The Scottish Government has just published a consultation paper on its new ‘Mansion Tax’ proposals. This follows the planned introduction of such a measure in England, announced by the Chancellor late last year.

The link to the proposals and consultation are here: Council Tax High-Value Property Bands (Mansion Tax): consultation - gov.scot

Effectively, this will mean the introduction of two additional Council Tax bands in Scotland (Band I and Band J) to our current 8-band structure (Band A-H). Band I will be for homes valued at £1 million to £2 million and Band J will be for homes valued at over £2 million.

It is estimated that the new bands will bring in around £12 million to £16 million per year in revenue, which is a very small amount. Overall, Council Tax currently brings in around £3.5 billion of net revenue each year for local government. There will also likely be a need for some form of valuation exercise to capture properties at these levels, which will have a cost and will not be easy (Zoopla recently estimated that around 40% of properties in England & Wales worth over £1.5 million did not have a sale recorded on the Land Registry. If the same is true in Scotland, then the basis for many valuations may well be questionable).

Note that the valuation exercise is only planned for these properties and not for properties more widely, which will continue to be banded by their 1991 valuations, which is one of the many problems with Council Tax.

It is estimated that there only around 15,000 properties in Scotland will be impacted by this change; a very small proportion of the approximately 2.7 million residential dwellings in the country.

The current top band (Band H) in Scotland pays an average of £4,051 per year in Council Tax. In the illustrative examples provided in the consultation, the Government suggests that Band I may pay an additional £720 on top of this (bringing the total bill to close to £5,000 per annum) and Band J pays an extra £3,600 (bringing its total bill to close to £8,000 per year).

It will be difficult to elicit sympathy from the general Scottish population for people buying houses at these price levels and there will undoubtedly be campaigning to make these uplifts much higher. Taxing other people more is always popular.

However, the Government needs to take account of the other major tax that these properties contribute to – Land & Buildings Transaction Tax (LBTT). A house sale at £1 million will generate over £78,000 in LBTT and the tax take continues to rise to £2 million, when the LBTT due is £200,000. If this is a second home purchase and includes Additional Dwelling Supplement (ADS), then the equivalent figures are £200,000 and £358,000. The prime part of the property market is already quite heavily taxed. Although the additional Council Tax being sought for these properties is relatively small, it may well have a cooling effect on prime sales.

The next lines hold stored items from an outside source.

(* In the setting of the context, $q_B=\tilde q=q|_B$ and $q_A=q|_A$, and $E_{M_1}(q(c))=q_A(E_{M_1}(c))$ for all $c\in C$.
   Context: $k$ is a field; $C_R(S)=\{r\in R:rs=sr\ \forall s\in S\}$. $N\subseteq M$ is a strongly separable, irreducible extension of $k$-algebras: $C_M(N)=k1$ and there are an $N$-bimodule map $E:M\to N$ and $x_1,\dots,x_n,y_1,\dots,y_n\in M$ with $\sum_iE(mx_i)y_i=m=\sum_ix_iE(y_im)$ for all $m\in M$, $E(1)\neq0$, $\sum_ix_iy_i\neq0$; normalized so that $E(1)=1$, whence $\sum_ix_iy_i=\lambda^{-1}1$ with $0\neq\lambda\in k$. Basic construction: given $S\subseteq R$, an $S$-bimodule map $E_S:R\to S$ with $E_S(1)=1$ and $r_i,s_i\in R$ with $\sum_iE_S(rr_i)s_i=r=\sum_ir_iE_S(s_ir)$ and $\sum_ir_is_i=\lambda^{-1}1$, set $R_1=R\otimes_SR$ with product $(a\otimes b)(c\otimes d)=aE_S(bc)\otimes d$, unit $\sum_ir_i\otimes s_i$, $R\subseteq R_1$ via $r\mapsto\sum_irr_i\otimes s_i$, $E_R:R_1\to R$, $a\otimes b\mapsto\lambda ab$; then $E_R$, $\lambda^{-1}r_i\otimes1$, $1\otimes s_i$ satisfy the same conditions with the same $\lambda$. From $(N\subseteq M,E)$ get $M_1,E_M$; from $(M\subseteq M_1,E_M)$ get $M_2,E_{M_1}$. Let $A=C_{M_1}(N)$, $B=C_{M_2}(M)$, $C=C_{M_2}(N)$. Depth 2 is assumed: $M_1$ is free as right $M$-module with basis in $A$, $M_2$ free as right $M_1$-module with basis in $B$. Let $F=E_M\circ E_{M_1}$; on $C$ it takes values in $C_M(N)=k1\cong k$ and is a faithful linear functional on $C$; $E_M|_A$ is a faithful functional on $A$ and $E_{M_1}|_B$ a faithful functional on $B$ (values in $k1$). Nakayama automorphisms: $q:C\to C$ is defined by $F(q(c)c')=F(c'c)$ for all $c,c'\in C$; $q_A:A\to A$ by $E_M(q_A(a)a')=E_M(a'a)$ for all $a,a'\in A$; $q_B:B\to B$ by $E_{M_1}(q_B(b)b')=E_{M_1}(b'b)$ for all $b,b'\in B$; and $\tilde q:B\to B$ by $\hat F(\tilde q(b)x)=\hat F(xb)$ for all $b\in B$, $x\in M_2$, where $\hat F=E_M\circ E_{M_1}:M_2\to M$. Note $E_{M_1}(C)\subseteq A$. *)

theory Defs
  imports "HOL-Library.Poly_Mapping" "HOL-Library.FuncSet"
begin

record ('k, 'a) kalg =
  carr :: "'a set"
  add  :: "'a \<Rightarrow> 'a \<Rightarrow> 'a"
  mul  :: "'a \<Rightarrow> 'a \<Rightarrow> 'a"
  zero :: "'a"
  one  :: "'a"
  smul :: "'k \<Rightarrow> 'a \<Rightarrow> 'a"

definition kalgebra :: "('k::field, 'a) kalg \<Rightarrow> bool" where
  "kalgebra A \<longleftrightarrow>
     zero A \<in> carr A \<and> one A \<in> carr A \<and>
     (\<forall>x\<in>carr A. \<forall>y\<in>carr A. add A x y \<in> carr A \<and> mul A x y \<in> carr A) \<and>
     (\<forall>c. \<forall>x\<in>carr A. smul A c x \<in> carr A) \<and>
     (\<forall>x\<in>carr A. \<forall>y\<in>carr A. \<forall>z\<in>carr A.
        add A (add A x y) z = add A x (add A y z) \<and>
        mul A (mul A x y) z = mul A x (mul A y z) \<and>
        mul A x (add A y z) = add A (mul A x y) (mul A x z) \<and>
        mul A (add A x y) z = add A (mul A x z) (mul A y z)) \<and>
     (\<forall>x\<in>carr A. \<forall>y\<in>carr A. add A x y = add A y x) \<and>
     (\<forall>x\<in>carr A. add A x (zero A) = x \<and> add A x (smul A (-1) x) = zero A \<and>
        mul A (one A) x = x \<and> mul A x (one A) = x \<and> smul A 1 x = x) \<and>
     (\<forall>a b. \<forall>x\<in>carr A. smul A (a * b) x = smul A a (smul A b x) \<and>
        smul A (a + b) x = add A (smul A a x) (smul A b x)) \<and>
     (\<forall>a. \<forall>x\<in>carr A. \<forall>y\<in>carr A. smul A a (add A x y) = add A (smul A a x) (smul A a y) \<and>
        smul A a (mul A x y) = mul A (smul A a x) y \<and>
        smul A a (mul A x y) = mul A x (smul A a y))"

There were just under 500 sales of £1 million plus properties in Scotland last year and LBTT from these sales in Scotland generated around £65 million per annum for the Scottish Government, i.e. around 9% of the total LBTT tax take from just 0.5% of the total sales. It does a lot of heavy lifting. If the ‘mansion tax’ causes a behavioural response and makes some people less likely to move at these values, then the increased tax take from the ‘mansion tax’ may be more than wiped out by the loss of LBTT revenue (and the loss of the wider economic impacts of these sales not just for estate agents but for conveyancers, solicitors and removal firms as well, among others). For example, if there were 20% fewer sales due to behavioural responses, this would reduce LBTT revenues by around £13 million, i.e. equivalent to the total ‘mansion tax’ revenue.

I made this point in a recent BBC Radio Scotland interview on its Drivetime news programme, which you can find here from around 15:20 minutes: https://www.bbc.co.uk/sounds/play/m002ykvr

We have argued over the years that the Scottish Government should be looking more closely at behavioural responses to taxation, particularly LBTT, to optimise the tax take while also not depressing the market. It has not done this to date. In the context of the introduction of the ‘mansion tax’ it seems important to do this now.

The consultation closes on 24th August, and we would encourage people to participate.